David Veilleux est le dernier Québécois à avoir pris part au Tour et le seul à l’avoir terminé. En 2013, dans la même équipe que Duchesne, mais avec un commanditaire différent (Europcar), il a fini 123 après les 21 étapes, annonçant sa retraite un mois et demi plus tard. En 1937, Pierre Gachon, un Montréalais natif de Paris, est devenu le premier Nord-Américain à prendre le départ de la Grande Boucle ; il a abandonné au cours de la première étape.
À 24 ans, Duchesne sera la seule recrue et l’unique non-Français de Direct Énergie parmi un effectif de neuf coureurs.
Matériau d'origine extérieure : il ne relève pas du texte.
(* Let $\phi=\tilde p/p$ be a rational inner function on $\mathbb{D}^2$ and let $(z_1,z_2)\in\mathbb{D}^2$. Then $$\mathfrak D_{(z_1,z_2)}(\phi)=\frac{1}{4\pi^2}\int_{\mathbb{T}^2}\frac{1-|\phi(\eta_1,z_2)|^2-|\phi(z_1,\eta_2)|^2+|\phi(z_1,z_2)|^2}{|\eta_1-z_1|^2|\eta_2-z_2|^2}|d\eta|.$$
   Context: $\phi=\tilde p/p$ where $p\in\mathbb{C}[z_1,z_2]$ has bidegree $(m,n)$, no zeros in $\mathbb{D}^2$, is atoral, and $\tilde p(z)=z_1^mz_2^n\overline{p(1/\bar z_1,1/\bar z_2)}$. For $f$ holomorphic on $\mathbb{D}^2$ with radial boundary values and a point $(z_1,z_2)\in\overline{\mathbb{D}}^2$, the local Dirichlet integral is $\mathfrak D_{(z_1,z_2)}(f)=\frac{1}{4\pi^2}\int_{\mathbb{T}^2}\frac{|f(z_1,z_2)-f(z_1,\eta_2)-f(\eta_1,z_2)+f(\eta_1,\eta_2)|^2}{|z_1-\eta_1|^2|z_2-\eta_2|^2}|d\eta|$, where values at points with a coordinate on $\mathbb{T}$ are radial limits. *)

theory Defs
  imports "HOL-Analysis.Analysis"
begin

text \<open>Bivariate complex polynomials are represented by coefficient functions
  c :: nat => nat => complex together with a bidegree (m,n); the polynomial is
  sum over i<=m, j<=n of c i j * z1^i * z2^j.\<close>

definition eval2 :: "(nat \<Rightarrow> nat \<Rightarrow> complex) \<Rightarrow> nat \<Rightarrow> nat \<Rightarrow> complex \<Rightarrow> complex \<Rightarrow> complex" where
  "eval2 c m n z1 z2 = (\<Sum>i\<le>m. \<Sum>j\<le>n. c i j * z1 ^ i * z2 ^ j)"

definition has_bidegree :: "(nat \<Rightarrow> nat \<Rightarrow> complex) \<Rightarrow> nat \<Rightarrow> nat \<Rightarrow> bool" where
  "has_bidegree c m n \<longleftrightarrow> (\<exists>j\<le>n. c m j \<noteq> 0) \<and> (\<exists>i\<le>m. c i n \<noteq> 0)"

text \<open>Coefficients of the reflection p~(z) = z1^m z2^n conj(p(1/conj z1, 1/conj z2)).\<close>
definition refl2 :: "(nat \<Rightarrow> nat \<Rightarrow> complex) \<Rightarrow> nat \<Rightarrow> nat \<Rightarrow> (nat \<Rightarrow> nat \<Rightarrow> complex)" where
  "refl2 c m n = (\<lambda>i j. cnj (c (m - i) (n - j)))"

definition is_poly2 :: "(complex \<Rightarrow> complex \<Rightarrow> complex) \<Rightarrow> bool" where
  "is_poly2 f \<longleftrightarrow> (\<exists>c N M. \<forall>z1 z2. f z1 z2 = eval2 c N M z1 z2)"

definition atoral :: "(nat \<Rightarrow> nat \<Rightarrow> complex) \<Rightarrow> nat \<Rightarrow> nat \<Rightarrow> bool" where
  "atoral c m n \<longleftrightarrow>
     (\<forall>q r s. is_poly2 q \<and> is_poly2 r \<and> is_poly2 s \<and>
        (\<forall>z1 z2. eval2 c m n z1 z2 = q z1 z2 * r z1 z2) \<and>
        (\<forall>z1 z2. eval2 (refl2 c m n) m n z1 z2 = q z1 z2 * s z1 z2)
        \<longrightarrow> (\<exists>k. \<forall>z1 z2. q z1 z2 = k))"

definition bval :: "(complex \<Rightarrow> complex \<Rightarrow> complex) \<Rightarrow> complex \<Rightarrow> complex \<Rightarrow> complex" where
  "bval f a b = Lim (at_left (1::real))
      (\<lambda>r. f (if norm a < 1 then a else complex_of_real r * a)
             (if norm b < 1 then b else complex_of_real r * b))"

text \<open>Local Dirichlet integral; |d eta| is arc length on T^2, parametrised by
  eta_k = exp(i t_k), t in [0,2 pi]^2.\<close>
definition local_dirichlet :: "(complex \<Rightarrow> complex \<Rightarrow> complex) \<Rightarrow> complex \<Rightarrow> complex \<Rightarrow> real" where
  "local_dirichlet f z1 z2 = 1 / (4 * pi ^ 2) *
     (LINT t:{0..2*pi} \<times> {0..2*pi}|lborel.
        (let e1 = cis (fst t); e2 = cis (snd t) in
          (cmod (bval f z1 z2 - bval f z1 e2 - bval f e1 z2 + bval f e1 e2))\<^sup>2
          / ((cmod (z1 - e1))\<^sup>2 * (cmod (z2 - e2))\<^sup>2)))"

end

theory Submission
  imports Defs "HOL-Complex_Analysis.Complex_Analysis"
    "HOL-Computational_Algebra.Polynomial_Factorial" "HOL-Computational_Algebra.Field_as_Ring"
begin

(* Write a = phi(z1,z2), B(eta2) = phi(z1,eta2), C(eta1) = phi(eta1,z2), D = phi on the torus and
   E = D - B - C + a, so that the integrand of the local Dirichlet integral is |E|^2 divided by the
   product of the two Poisson-type weights 1/|eta_k - z_k|^2.
   By Hurwitz's theorem p does not vanish on (disc x circle) and (circle x disc), and atorality
   (through a Bezout identity for p and p~) leaves only finitely many zeros on the torus; off them
   |D| = 1.  Using |D| = 1, the difference of the two integrands splits into three terms, each of
   the form F + conj G in one of the variables with F, G holomorphic in that variable and vanishing
   at the corresponding z_k.  The Poisson formula kills their integrals in that variable, and
   Fubini's theorem concludes. *)

section \<open>Bivariate polynomials as polynomials with polynomial coefficients\<close>

definition poly2 :: "complex poly poly \<Rightarrow> complex \<Rightarrow> complex \<Rightarrow> complex" where
  "poly2 P x y = poly (poly P [:x:]) y"

lemma poly2_add [simp]: "poly2 (P + Q) x y = poly2 P x y + poly2 Q x y"
  by (simp add: poly2_def)

lemma poly2_mult [simp]: "poly2 (P * Q) x y = poly2 P x y * poly2 Q x y"
  by (simp add: poly2_def)

lemma poly2_const [simp]: "poly2 [:a:] x y = poly a y"
  by (simp add: poly2_def)

lemma poly2_sum: "poly2 (sum f A) x y = (\<Sum>i\<in>A. poly2 (f i) x y)"
  by (simp add: poly2_def poly_sum)

lemma poly2_monom: "poly2 (monom (monom a j) i) x y = a * x ^ i * y ^ j"
  by (simp add: poly2_def poly_monom)

lemma poly2_conv_map_poly: "poly2 P x y = poly (map_poly (\<lambda>a. poly a y) P) x"
  by (induction P) (simp_all add: poly2_def map_poly_pCons)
La formation pro continentale (deuxième division) compte sur des vétérans aguerris comme Thomas Voeckler (14 participation) et Sylvain Chavanel (16), qui ont déjà porté le maillot jaune.
Mais sur ce Tour, les ambitions s’articulent autour de Bryan Coquard, le sprinter vedette qui a signé 13 victoires depuis le début de l’année. « Bryan est dans une forme extraordinaire, l’objectif est d’aller gagner des étapes », a affirmé Duchesne, qui aura un rôle-clé dans le train appelé à le lancer.
La première étape de samedi s’annonce particulièrement fébrile, avec le maillot jaune à la clé pour le gagnant. Les trois étapes suivantes semblent aussi destinées à un sprinter. « Les enjeux seront énormes dès le départ », ajoute le seul partant canadien cette année.
« Déjà, pour n’importe quel sprint, c’est très stressant. Ça frotte, ça gueule, ça chute. Avec le maillot jaune au bout, ce sera pire. »
— Antoine Duchesne, à propos de l’enjeu à l’arrivée de la première étape du Tour samedi
Les objectifs collectifs occupent donc toute l’attention de Duchesne, qui a terminé le Tour d’Espagne l’an dernier. Coureur « très offensif », comme l’a souligné Coquard, l’ancien champion canadien U23 espère profiter de quelques ouvertures dans les deux semaines suivantes lorsque le profil du terrain le permettra.
À moins de se « briser un os », Duchesne, allergique aux abandons, ne voit pas comment il ne rallierait pas Paris le 24 juillet. Deux semaines plus tard, si tout se passe bien, il s’élancera à l’épreuve sur route des JO de Rio avec son ami Hugo Houle et Michael Woods. La petite affiche prendra alors tout son sens.